CORONARY OSTIAL LESION CALCIFICATION, STENT EXPANSION, AND STENT RECOIL
Ostial lesions are frequently calcified and thus require higher utilization of plaque modification tools to ensure adequate stent expansion compared to nonostial lesions.9 When considering the morphology of ostial RCA lesions, a recent IVUS study demonstrated that 47.6% of ostial lesions contain calcific nodules and that nodular ostial calcium has significantly higher rates of target lesion failure (TLF) compared to nonnodular lesions (nodular lesions 21.6% TLF vs diffuse lesions 8.2% TLF; P = .04).10 A multivariable Cox proportional hazard model revealed that RCA calcific nodules were significantly associated with TLF (hazard ratio, 6.63; 95% CI, 1.28-34.3; P = .02).10 In addition to heavy calcification, the RCA ostium has anatomic features that predispose it to stent recoil and stent fracture. The RCA ostium contains large proximal and circumferential muscle bundles that arise independently of the elastin-muscle fibers of the aorta.11 These contracting muscle fibers reduce lesional compliance, repetitively stress the stent scaffold, and can cause stent recoil and/or stent fracture. In one IVUS series, 33% of RCA late luminal loss was due to chronic stent recoil.11 Based on the calcified, nodular, and elastic properties of dilation-resistant and recoil-prone ostial lesions, there is a mechanistic rationale for using high-radial-strength stents during aorto-ostial stenting.12 In addition, because of the high prevalence of ostial calcium, as outlined in the SCAI Expert Consensus on Management of Calcified Coronary Lesions Requiring Intervention, it is widely agreed that adequate vessel preparation and calcium modification can translate into better stent expansion and lower risk of dissections extending into the aorta for aorto-ostial lesions.13 The consensus document also outlines the suitability of cutting and scoring balloons, high-pressure balloons, intravascular lithotripsy, and rotational and orbital atherectomy for calcified plaque modification in aorto-ostial lesion treatment.

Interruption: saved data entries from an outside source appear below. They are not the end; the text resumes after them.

(* Suppose the following hold for some $\epsilon>0$: - (local independences) $Y\perp\!\!\!\perp Z\mid(D,U)$ and $W\perp\!\!\!\perp(D,Z)\mid U$, for conditioning values $d\in\mathcal{D}(\epsilon)$, $z\in\mathcal{Z}(\epsilon)$; - (BRIDGE) there exist bounded functions $h_+,h_-$ such that $E[Y\mid D=d,U]=\int h_+(d-d^*,w)\,\mathrm{d}P(w\mid D=d,U)$ a.s. for all $d\in\mathcal{D}_+(\epsilon)$, and $E[Y\mid D=d,U]=\int h_-(d-d^*,w)\,\mathrm{d}P(w\mid D=d,U)$ a.s. for all $d\in\mathcal{D}_-(\epsilon)$. Let $h_0(t,w)=h_+(t,w)$ for $t>0$ and $h_0(t,w)=h_-(t,w)$ for $t<0$. Then for all $d\in\mathcal{D}(\epsilon)$ and $z\in\mathcal{Z}(\epsilon)$, $$E[Y\mid D=d,Z=z]=\int h_0(d-d^*,w)\,\mathrm{d}P(w\mid D=d,Z=z).$$
   Context: $Y\in\mathbb{R}$ is an outcome, $D\in\mathbb{R}$ a running variable with cutoff $d^*$, $Z$ a placebo treatment, $W$ a placebo outcome and $U$ an unobserved confounder, all on one probability space with conditional densities. For $\epsilon>0$: $\mathcal{D}_-(\epsilon)=(d^*-\epsilon,d^* )$, $\mathcal{D}_+(\epsilon)=(d^*,d^*+\epsilon)$ and $\mathcal{D}(\epsilon)=\mathcal{D}_-\cup\mathcal{D}_+$. $\mathcal{Z}(\epsilon)$ is a set with $P(Z\in\mathcal{Z}(\epsilon)\mid D\in\mathcal{D}(\epsilon))=1$. *)

theory Defs
  imports "HOL-Analysis.Analysis"
begin

text \<open>
Setting: the joint law of (Y, D, Z, W, U) has a density f (w.r.t. the product of
lborel for Y, lborel for D, and sigma-finite reference measures MZ, MW, MU for
Z, W, U).  The argument order of f is (y, d, z, w, u).  All marginal densities
are obtained by integrating f out (nonnegative integrals, so Tonelli is exact),
and conditional densities are ratios of marginal densities.
\<close>

definition dens_YDZU :: "(real \<Rightarrow> real \<Rightarrow> 'z \<Rightarrow> 'w \<Rightarrow> 'u \<Rightarrow> ennreal) \<Rightarrow> 'w measure
    \<Rightarrow> real \<Rightarrow> real \<Rightarrow> 'z \<Rightarrow> 'u \<Rightarrow> ennreal" where
  "dens_YDZU f MW y d z u = (\<integral>\<^sup>+ w. f y d z w u \<partial>MW)"

definition dens_WDZU :: "(real \<Rightarrow> real \<Rightarrow> 'z \<Rightarrow> 'w \<Rightarrow> 'u \<Rightarrow> ennreal)
    \<Rightarrow> 'w \<Rightarrow> real \<Rightarrow> 'z \<Rightarrow> 'u \<Rightarrow> ennreal" where
  "dens_WDZU f w d z u = (\<integral>\<^sup>+ y. f y d z w u \<partial>lborel)"

definition dens_DZU :: "(real \<Rightarrow> real \<Rightarrow> 'z \<Rightarrow> 'w \<Rightarrow> 'u \<Rightarrow> ennreal) \<Rightarrow> 'w measure
    \<Rightarrow> real \<Rightarrow> 'z \<Rightarrow> 'u \<Rightarrow> ennreal" where
  "dens_DZU f MW d z u = (\<integral>\<^sup>+ y. dens_YDZU f MW y d z u \<partial>lborel)"

definition dens_YDU :: "(real \<Rightarrow> real \<Rightarrow> 'z \<Rightarrow> 'w \<Rightarrow> 'u \<Rightarrow> ennreal) \<Rightarrow> 'z measure \<Rightarrow> 'w measure
    \<Rightarrow> real \<Rightarrow> real \<Rightarrow> 'u \<Rightarrow> ennreal" where
  "dens_YDU f MZ MW y d u = (\<integral>\<^sup>+ z. dens_YDZU f MW y d z u \<partial>MZ)"

definition dens_DU :: "(real \<Rightarrow> real \<Rightarrow> 'z \<Rightarrow> 'w \<Rightarrow> 'u \<Rightarrow> ennreal) \<Rightarrow> 'z measure \<Rightarrow> 'w measure
    \<Rightarrow> real \<Rightarrow> 'u \<Rightarrow> ennreal" where
  "dens_DU f MZ MW d u = (\<integral>\<^sup>+ z. dens_DZU f MW d z u \<partial>MZ)"

definition dens_WDU :: "(real \<Rightarrow> real \<Rightarrow> 'z \<Rightarrow> 'w \<Rightarrow> 'u \<Rightarrow> ennreal) \<Rightarrow> 'z measure
    \<Rightarrow> 'w \<Rightarrow> real \<Rightarrow> 'u \<Rightarrow> ennreal" where
  "dens_WDU f MZ w d u = (\<integral>\<^sup>+ z. dens_WDZU f w d z u \<partial>MZ)"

RISK OF AORTO-OSTIAL STENT FAILURE
Ostial stent failure occurs at higher rates compared to nonostial lesions, with reported restenosis rates ranging from 6% to 33% depending on the stent type and patient factors; this is primarily due to (1) the complex anatomy of the ostial region, making stent placement and expansion challenging, leading to higher risk of recoil and underexpansion; (2) high prevalence of circumferential and nodular calcium especially in the ostial RCA; and (3) stent scaffold failure and stent recoil.9,14,15 Target vessel revascularization (3.29% vs 1.90%; P = .03) and stent thrombosis (1.23% vs 0.42%, P = .01) are significantly higher among patients with RCA aorto-ostial lesions compared to patients with proximal RCA lesions.9 Because of the high rates of stent failure, adequate attention to geographic stent placement and appropriate calcified plaque modification are required to ensure ostial stent patency in this hard-to-treat coronary lesion subset.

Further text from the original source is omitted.